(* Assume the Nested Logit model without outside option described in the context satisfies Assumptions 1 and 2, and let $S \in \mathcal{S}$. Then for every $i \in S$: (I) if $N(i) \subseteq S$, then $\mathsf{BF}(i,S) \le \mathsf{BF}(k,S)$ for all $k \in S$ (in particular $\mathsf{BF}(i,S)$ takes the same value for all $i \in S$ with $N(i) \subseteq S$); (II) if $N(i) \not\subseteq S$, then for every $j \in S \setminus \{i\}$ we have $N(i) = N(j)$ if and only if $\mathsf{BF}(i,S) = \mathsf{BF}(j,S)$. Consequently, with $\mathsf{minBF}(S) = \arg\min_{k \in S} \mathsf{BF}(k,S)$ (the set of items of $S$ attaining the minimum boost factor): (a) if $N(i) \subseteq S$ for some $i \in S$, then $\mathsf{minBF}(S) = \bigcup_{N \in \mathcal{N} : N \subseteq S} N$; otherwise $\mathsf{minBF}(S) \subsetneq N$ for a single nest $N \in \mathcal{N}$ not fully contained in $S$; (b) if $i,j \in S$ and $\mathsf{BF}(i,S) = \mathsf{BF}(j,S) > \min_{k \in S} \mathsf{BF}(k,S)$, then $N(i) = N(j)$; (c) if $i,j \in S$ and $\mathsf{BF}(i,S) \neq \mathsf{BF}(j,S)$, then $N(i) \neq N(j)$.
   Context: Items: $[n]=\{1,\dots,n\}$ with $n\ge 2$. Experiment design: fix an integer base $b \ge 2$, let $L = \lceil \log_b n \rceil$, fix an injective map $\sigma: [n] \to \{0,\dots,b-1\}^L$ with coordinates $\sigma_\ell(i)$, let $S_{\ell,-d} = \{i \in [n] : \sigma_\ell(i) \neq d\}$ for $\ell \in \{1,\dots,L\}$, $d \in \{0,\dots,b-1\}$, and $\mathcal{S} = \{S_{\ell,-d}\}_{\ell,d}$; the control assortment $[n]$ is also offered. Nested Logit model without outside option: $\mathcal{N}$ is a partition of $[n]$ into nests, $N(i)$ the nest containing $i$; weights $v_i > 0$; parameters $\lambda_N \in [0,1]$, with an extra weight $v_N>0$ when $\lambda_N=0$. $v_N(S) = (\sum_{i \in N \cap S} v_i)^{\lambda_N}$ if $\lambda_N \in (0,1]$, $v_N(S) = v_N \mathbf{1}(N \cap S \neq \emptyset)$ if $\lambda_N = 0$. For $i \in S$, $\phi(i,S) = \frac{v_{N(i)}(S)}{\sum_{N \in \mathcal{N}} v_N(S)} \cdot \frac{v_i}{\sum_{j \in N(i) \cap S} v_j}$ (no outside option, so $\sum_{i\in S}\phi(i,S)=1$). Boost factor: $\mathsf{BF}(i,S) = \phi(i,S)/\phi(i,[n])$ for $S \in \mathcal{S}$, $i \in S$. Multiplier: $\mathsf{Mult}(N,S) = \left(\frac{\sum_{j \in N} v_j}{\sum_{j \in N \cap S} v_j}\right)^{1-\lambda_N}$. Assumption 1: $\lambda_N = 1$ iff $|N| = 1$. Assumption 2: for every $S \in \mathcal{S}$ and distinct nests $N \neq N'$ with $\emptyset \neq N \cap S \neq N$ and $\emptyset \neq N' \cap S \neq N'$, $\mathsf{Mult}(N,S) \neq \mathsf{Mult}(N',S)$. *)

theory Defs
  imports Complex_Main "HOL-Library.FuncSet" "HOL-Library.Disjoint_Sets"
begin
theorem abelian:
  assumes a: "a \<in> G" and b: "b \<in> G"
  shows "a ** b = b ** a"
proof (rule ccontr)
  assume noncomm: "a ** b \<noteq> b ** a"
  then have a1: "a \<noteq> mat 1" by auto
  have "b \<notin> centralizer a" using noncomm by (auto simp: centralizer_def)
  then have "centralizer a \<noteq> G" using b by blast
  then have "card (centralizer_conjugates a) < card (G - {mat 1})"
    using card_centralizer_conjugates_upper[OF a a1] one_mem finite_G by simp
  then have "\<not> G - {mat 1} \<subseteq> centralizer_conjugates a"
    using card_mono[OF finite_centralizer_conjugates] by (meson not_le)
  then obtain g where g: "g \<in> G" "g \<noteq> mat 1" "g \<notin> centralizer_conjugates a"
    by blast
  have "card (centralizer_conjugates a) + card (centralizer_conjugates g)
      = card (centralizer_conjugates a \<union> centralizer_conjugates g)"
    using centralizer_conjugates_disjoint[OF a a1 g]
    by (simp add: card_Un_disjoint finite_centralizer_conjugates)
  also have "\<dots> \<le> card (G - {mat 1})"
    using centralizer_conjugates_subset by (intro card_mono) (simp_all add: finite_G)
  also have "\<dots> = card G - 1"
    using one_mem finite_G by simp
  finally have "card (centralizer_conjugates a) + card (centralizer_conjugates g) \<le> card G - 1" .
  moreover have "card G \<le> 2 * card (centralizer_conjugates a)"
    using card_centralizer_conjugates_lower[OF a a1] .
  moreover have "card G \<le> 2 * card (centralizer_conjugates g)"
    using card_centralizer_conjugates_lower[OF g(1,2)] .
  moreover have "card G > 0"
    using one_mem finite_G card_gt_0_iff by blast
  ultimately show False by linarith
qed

*****

Problem details: Above are the entries. Quote exactly the lines from the one bearing "then obtain g" through the one bearing "using centralizer_conjugates_disjoint[OF a".

Written answer:
  then obtain g where g: "g \<in> G" "g \<noteq> mat 1" "g \<notin> centralizer_conjugates a"
    by blast
  have "card (centralizer_conjugates a) + card (centralizer_conjugates g)
      = card (centralizer_conjugates a \<union> centralizer_conjugates g)"
    using centralizer_conjugates_disjoint[OF a a1 g]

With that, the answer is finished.